A good summary of the matter, which has all the ingredients of a typical leftist scandal.

Mark said...

"Concerns about the long term effects of pumping a billion of years worth of sequestered carbon into the atmosphere is not irrational. It may or may not be overstated but it is not irrational."

Concern over climate change is perfectly rational. Research into climate change is money well spent.

The problem with the field is that disagreeing with the consensus has become professionally toxic. It doesn't help that central figures in the field have violated some of the most basic tenants of data sharing and retention, and of methodological transparency.

The consensus may be absolutely correct, but in a research environment where skepticism is punished and basic data isn't as trustworthy as possible you can't call what's happening in the field science. Sad, really.

Michael K said...

You know, accurate research can be completely discredited by lies that may not even be the main point of the discussion. Rolling Stone did a big piece on TARP and what a fraud it has turned out to be.

It's a good article

The only problem is with this sentence:

The White House and leaders of both parties actually agreed to this preposterous document, but it died in the House when 95 Democrats lined up against it.

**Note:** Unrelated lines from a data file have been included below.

lemma
  assumes "a \<le> b"
  shows step_measure_in_prob_measures_on: "step_measure a b N js \<in> prob_measures_on a b"
    and represents_step_measure:
      "represents a b uniform01 (step_quantile a b N js) (step_measure a b N js)"
  using law_in_prob_measures_on represents_law
    prob_space_uniform01 borel_measurable_step_quantile assms
  unfolding step_measure_def step_quantile_def by auto

lemma floor_index:
  fixes \<omega> :: real and N :: nat
  assumes "\<omega> \<in> {0<..<1}" "0 < N"
  shows "nat \<lfloor>N * \<omega>\<rfloor> < N" "real (nat \<lfloor>N * \<omega>\<rfloor>) = of_int \<lfloor>N * \<omega>\<rfloor>"
proof -
  have "0 \<le> N * \<omega>" "N * \<omega> < N"
    using assms by auto
  then show "nat \<lfloor>N * \<omega>\<rfloor> < N" "real (nat \<lfloor>N * \<omega>\<rfloor>) = of_int \<lfloor>N * \<omega>\<rfloor>"
    by (simp_all add: nat_less_iff floor_less_iff)
qed

lemma step_quantile_map_upt:
  fixes \<omega> :: real and N :: nat
  assumes "\<omega> \<in> {0<..<1}" "0 < N"
  shows "step_quantile a b N (map g [0..<N]) \<omega> =
    max a (min b (of_int (g (nat \<lfloor>N * \<omega>\<rfloor>)) / N))"
  using floor_index(1)[OF assms] by (simp add: step_quantile_def)

lemma step_quantiles_below:
  assumes "mono Q" "\<And>t. Q t \<in> {a..b}"
  obtains js where "\<And>n \<omega>. \<omega> \<in> {0<..<1} \<Longrightarrow> step_quantile a b (Suc n) (js n) \<omega> \<le> Q \<omega>"
    and "\<And>\<omega>. \<omega> \<in> {0<..<1} \<Longrightarrow> isCont Q \<omega> \<Longrightarrow>
      (\<lambda>n. step_quantile a b (Suc n) (js n) \<omega>) \<longlonglongrightarrow> Q \<omega>"
proof
  define N where "N n = real (Suc n)" for n
  define t where "t n \<omega> = of_int \<lfloor>N n * \<omega>\<rfloor> / N n" for n \<omega>
  define r where "r n \<omega> = of_int \<lfloor>N n * Q (t n \<omega>)\<rfloor> / N n" for n \<omega>
  let ?js = "\<lambda>n. map (\<lambda>k. \<lfloor>N n * Q (real k / N n)\<rfloor>) [0..<Suc n]"
  have N: "0 < N n" for n
    by (simp add: N_def)
  have step: "step_quantile a b (Suc n) (?js n) \<omega> = max a (min b (r n \<omega>))"
    if "\<omega> \<in> {0<..<1}" for n \<omega>
    by (simp only: step_quantile_map_upt[OF that zero_less_Suc]
        floor_index(2)[OF that zero_less_Suc]) (simp add: r_def t_def N_def)
  have t: "t n \<omega> \<le> \<omega>" "\<bar>t n \<omega> - \<omega>\<bar> \<le> 1 / Suc n" for n \<omega>
    using floor_grid_bounds[OF N[of n], of \<omega>] by (auto simp: t_def N_def)
  have r: "r n \<omega> \<le> Q (t n \<omega>)" "\<bar>r n \<omega> - Q (t n \<omega>)\<bar> \<le> 1 / Suc n" for n \<omega>
    using floor_grid_bounds[OF N[of n], of "Q (t n \<omega>)"] by (auto simp: r_def N_def)
  show "step_quantile a b (Suc n) (?js n) \<omega> \<le> Q \<omega>" if "\<omega> \<in> {0<..<1}" for n \<omega>
  proof -
    have "r n \<omega> \<le> Q \<omega>"
      using r(1) monoD[OF assms(1) t(1)] by (rule order_trans)
    then show ?thesis
      unfolding step[OF that] using assms(2)[of \<omega>] by simp
  qed
  show "(\<lambda>n. step_quantile a b (Suc n) (?js n) \<omega>) \<longlonglongrightarrow> Q \<omega>"
    if "\<omega> \<in> {0<..<1}" "isCont Q \<omega>" for \<omega>
    unfolding step[OF that(1)]
    by (rule clamp_tendsto_grid_approximation[OF that(2) assms(2) t(2) r(2)])
qed
(* Fix an integer $m>1$, $L>0$, $T>0$, put $h=L/m$, and let weights $w_0=0$, $w_1,\dots,w_{m-1}$ be given such that the matrix $M^*$ defined below is invertible. Let $F\in\mathbb{R}^{m-1}$ and $(U^0,V^0)\in\mathbb{R}^{m-1}\times\mathbb{R}^{m-1}$ be given, and let $\mathcal{U}_h=(U_h,V_h)\in \mathrm{C}^1([0,T];\mathbb{R}^{m-1}\times\mathbb{R}^{m-1})$ be the solution of $$\mathcal{U}_h'(t)=G(\mathcal{U}_h(t)),\quad t\in[0,T],\qquad \mathcal{U}_h(0)=(U^0,V^0),$$ where for $\mathcal{U}=(U,V)$ with $U=(u_1,\dots,u_{m-1})^{\mathsf T}$, $$G(\mathcal{U})=\Big(\tfrac1h (M^* )^{-1}V,\; -\tfrac1h S^*U+F+\tfrac1h u_1^+e_1\Big).$$ For $N\in\mathbb{N}$ set $\Delta t=T/N$, $t_n=n\Delta t$, and call a sequence $(\mathcal{U}^n)_{n=0}^N$ a Crank–Nicolson sequence if $\mathcal{U}^0=\mathcal{U}_h(0)$ and $$\frac{\mathcal{U}^{n+1}-\mathcal{U}^n}{\Delta t}=\frac12\big(G(\mathcal{U}^{n+1})+G(\mathcal{U}^n)\big),\qquad n=0,\dots,N-1.$$ Then the time discretization error of the Crank–Nicolson method is of order $\Delta t$: there exist constants $\delta>0$ and $K>0$ (which may depend on $h$, $T$ and the data, but not on $\Delta t$) such that for every $N$ with $\Delta t=T/N<\delta$ and every Crank–Nicolson sequence $(\mathcal{U}^n)$, $$\max_{0\le n\le N}\|\mathcal{U}_h(t_n)-\mathcal{U}^n\|\le K\,\Delta t .$$
   Context: $\|\cdot\|$ is the Euclidean norm on $\mathbb{R}^{m-1}\times\mathbb{R}^{m-1}$, $s^+=\max(s,0)$, $e_1=(1,0,\dots,0)^{\mathsf T}\in\mathbb{R}^{m-1}$. Hat functions on $[0,L]$ with nodes $kh$: $\varphi_0(x)=1-x/h$ on $[0,h)$ and $0$ for $x\ge h$; for $k=1,\dots,m-1$, $\varphi_k(x)=x/h-k+1$ on $[(k-1)h,kh)$, $k+1-x/h$ on $[kh,(k+1)h)$, $0$ otherwise. The weight function is $w_h(x)=w_j$ for $x\in[jh,(j+1)h)$, $j=0,\dots,m-1$ (with $w_0=0$). The matrices $M^*,S^*\in\mathbb{R}^{(m-1)\times(m-1)}$ are given for $i,k=1,\dots,m-1$ by $M^*_{ik}=\frac1h\int_0^L\varphi_i\varphi_k w_h\,dx$ and $S^*_{ik}=h\int_0^L\varphi_i'\varphi_k'\,dx$. (This ODE is the reformulation of the spatially semi-discrete mass-redistributed contact problem for the 1D wave equation, after elimination of the contact node via $u_0=u_1^+$.) *)

theory Defs
  imports "HOL-Analysis.Analysis"
begin

text \<open>Vectors in R^(m-1) are represented as functions nat => real, of which only the
  components with index in {1..m-1} are meaningful; matrices as nat => nat => real
  with indices in {1..m-1}.\<close>

type_synonym rvec = "nat \<Rightarrow> real"
type_synonym rmat = "nat \<Rightarrow> nat \<Rightarrow> real"
type_synonym state = "rvec \<times> rvec"

definition hat :: "real \<Rightarrow> nat \<Rightarrow> real \<Rightarrow> real" where
  "hat h k x =
     (if k = 0 then (if 0 \<le> x \<and> x < h then 1 - x / h else 0)
      else if (real k - 1) * h \<le> x \<and> x < real k * h then x / h - real k + 1
      else if real k * h \<le> x \<and> x < (real k + 1) * h then real k + 1 - x / h
      else 0)"

definition wh :: "real \<Rightarrow> (nat \<Rightarrow> real) \<Rightarrow> real \<Rightarrow> real" where
  "wh h w x = w (nat \<lfloor>x / h\<rfloor>)"

definition Mstar :: "real \<Rightarrow> real \<Rightarrow> (nat \<Rightarrow> real) \<Rightarrow> rmat" where
  "Mstar L h w i k = (1 / h) * integral {0..L} (\<lambda>x. hat h i x * hat h k x * wh h w x)"

definition Sstar :: "real \<Rightarrow> real \<Rightarrow> rmat" where
  "Sstar L h i k = h * integral {0..L} (\<lambda>x. deriv (hat h i) x * deriv (hat h k) x)"

definition is_inverse_on :: "nat \<Rightarrow> rmat \<Rightarrow> rmat \<Rightarrow> bool" where
  "is_inverse_on n A B \<longleftrightarrow>
     (\<forall>i\<in>{1..n}. \<forall>k\<in>{1..n}.
        (\<Sum>j=1..n. A i j * B j k) = (if i = k then 1 else 0) \<and>
        (\<Sum>j=1..n. B i j * A j k) = (if i = k then 1 else 0))"

definition invertible_on :: "nat \<Rightarrow> rmat \<Rightarrow> bool" where
  "invertible_on n A \<longleftrightarrow> (\<exists>B. is_inverse_on n A B)"

definition inv_on :: "nat \<Rightarrow> rmat \<Rightarrow> rmat" where
  "inv_on n A = (SOME B. is_inverse_on n A B)"

definition matvec :: "nat \<Rightarrow> rmat \<Rightarrow> rvec \<Rightarrow> rvec" where
  "matvec n A v i = (\<Sum>k=1..n. A i k * v k)"

definition Gfun :: "nat \<Rightarrow> real \<Rightarrow> (nat \<Rightarrow> real) \<Rightarrow> rvec \<Rightarrow> state \<Rightarrow> state" where
  "Gfun m L w F UV =
     (let h = L / real m; U = fst UV; V = snd UV in
      ((\<lambda>i. (1 / h) * matvec (m - 1) (inv_on (m - 1) (Mstar L h w)) V i),
       (\<lambda>i. - (1 / h) * matvec (m - 1) (Sstar L h) U i + F i
             + (1 / h) * (if i = 1 then max (U 1) 0 else 0))))"

definition snorm :: "nat \<Rightarrow> state \<Rightarrow> real" where
  "snorm m UV = sqrt (\<Sum>i=1..m-1. (fst UV i)\<^sup>2 + (snd UV i)\<^sup>2)"

definition sdiff :: "state \<Rightarrow> state \<Rightarrow> state" where
  "sdiff A B = ((\<lambda>i. fst A i - fst B i), (\<lambda>i. snd A i - snd B i))"

definition is_solution :: "nat \<Rightarrow> real \<Rightarrow> real \<Rightarrow> (nat \<Rightarrow> real) \<Rightarrow> rvec \<Rightarrow> rvec \<Rightarrow> rvec
    \<Rightarrow> (real \<Rightarrow> state) \<Rightarrow> bool" where
  "is_solution m L T w F U0 V0 Uh \<longleftrightarrow>
     (\<forall>i\<in>{1..m-1}. fst (Uh 0) i = U0 i \<and> snd (Uh 0) i = V0 i) \<and>
     (\<forall>t\<in>{0..T}. \<forall>i\<in>{1..m-1}.
        ((\<lambda>s. fst (Uh s) i) has_real_derivative fst (Gfun m L w F (Uh t)) i) (at t within {0..T}) \<and>
        ((\<lambda>s. snd (Uh s) i) has_real_derivative snd (Gfun m L w F (Uh t)) i) (at t within {0..T}))"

For an all-too-rare moment during the Bush administration, something resembling sanity prevailed in Washington.

The trouble is that that isn't true ! Or at least isn't the fact.

Even The New York Times has the facts right

"The vote against the measure was 228 to 205, with 133 Republicans turning against President Bush to join 95 Democrats in opposition. The bill was backed by 140 Democrats and 65 Republicans."

Why lie about who stopped the bill ? It weakens my confidence in the rest of his article.

The main body of the piece is about the Obama administration's lies and dissembling but why weaken your argument with a lie trying to make Democrats look better ?

Global warming has the same problem. Years ago I read about the Urban Heat Island problem and some fake data from China. Then came the e-mail scandal at EAU. Then the "hockey stick."

Mark said...

Michael K. that's it exactly. It stops being "science" when scientists stop behaving like scientists and instead behave like politicians.

Anthropogenic climate change may be a big problem. It may be a negligible problem. At this point I simply don't have faith that I'm getting good data from anyone.

FWIW, John Holdren, currently Obama's "science czar" in the late '60s became famous for predicting that overpopulation would lead to global catastrophe;

The proposition that technology can solve the problems posed by the sheer size of present and projected world populations is examined in detail. The probable potential for short- and long-term gains in agricultural technology, ocean fisheries, desalination of seawater, nuclear power production, and related areas is evaluated in the framework of known and predicted requirements. It is concluded that in the absence of effective population control measures any imaginable technological effort will fall short.

-- Populations and Panaceas, A Technological Perspective

There's always been a market for catastrophes, and people compelled to serve that market. I think of it as the "Hooked on Eschatonics" crowd. Climate science has been co-opted by it.

The Godfather said...

It's really sh*tty when you spend years and years of your life in grad school and post-doc and so on to become a great expert on some arcane subject, and then you have to go to some bozo who barely graduated from college and went to some drinkwater law school, and then got himself elected to the state legislature -- and brilliant you have to ask stupid him for the money you need for your next project. Rep. Dumbass can't even UNDERSTAND your project.

My advice: If you want the money, suck it up and stop complaining. At least, don't complain in public and use your own name.

Original Mike said...

Thanks for the Ivanpah link, Michael K.

RecChief said...

Here is something about that 97% myth.

Another widely cited source for the consensus view is an article in Eos: Transactions of the American Geophysical Union. It reported the results of a two-question online survey of selected scientists, and claimed “97 percent of climate scientists agree.” Most scientists who are skeptical of man-made catastrophic global warming would nevertheless answer “yes” to both questions. However, the survey was silent on whether the human impact – or the rise in temperature – is large enough to constitute a problem. It also failed to include scientists most likely to be aware of natural causes of climate change.

There is no basis for the claim that 97% of scientists believe that man-made climate change is a dangerous problem.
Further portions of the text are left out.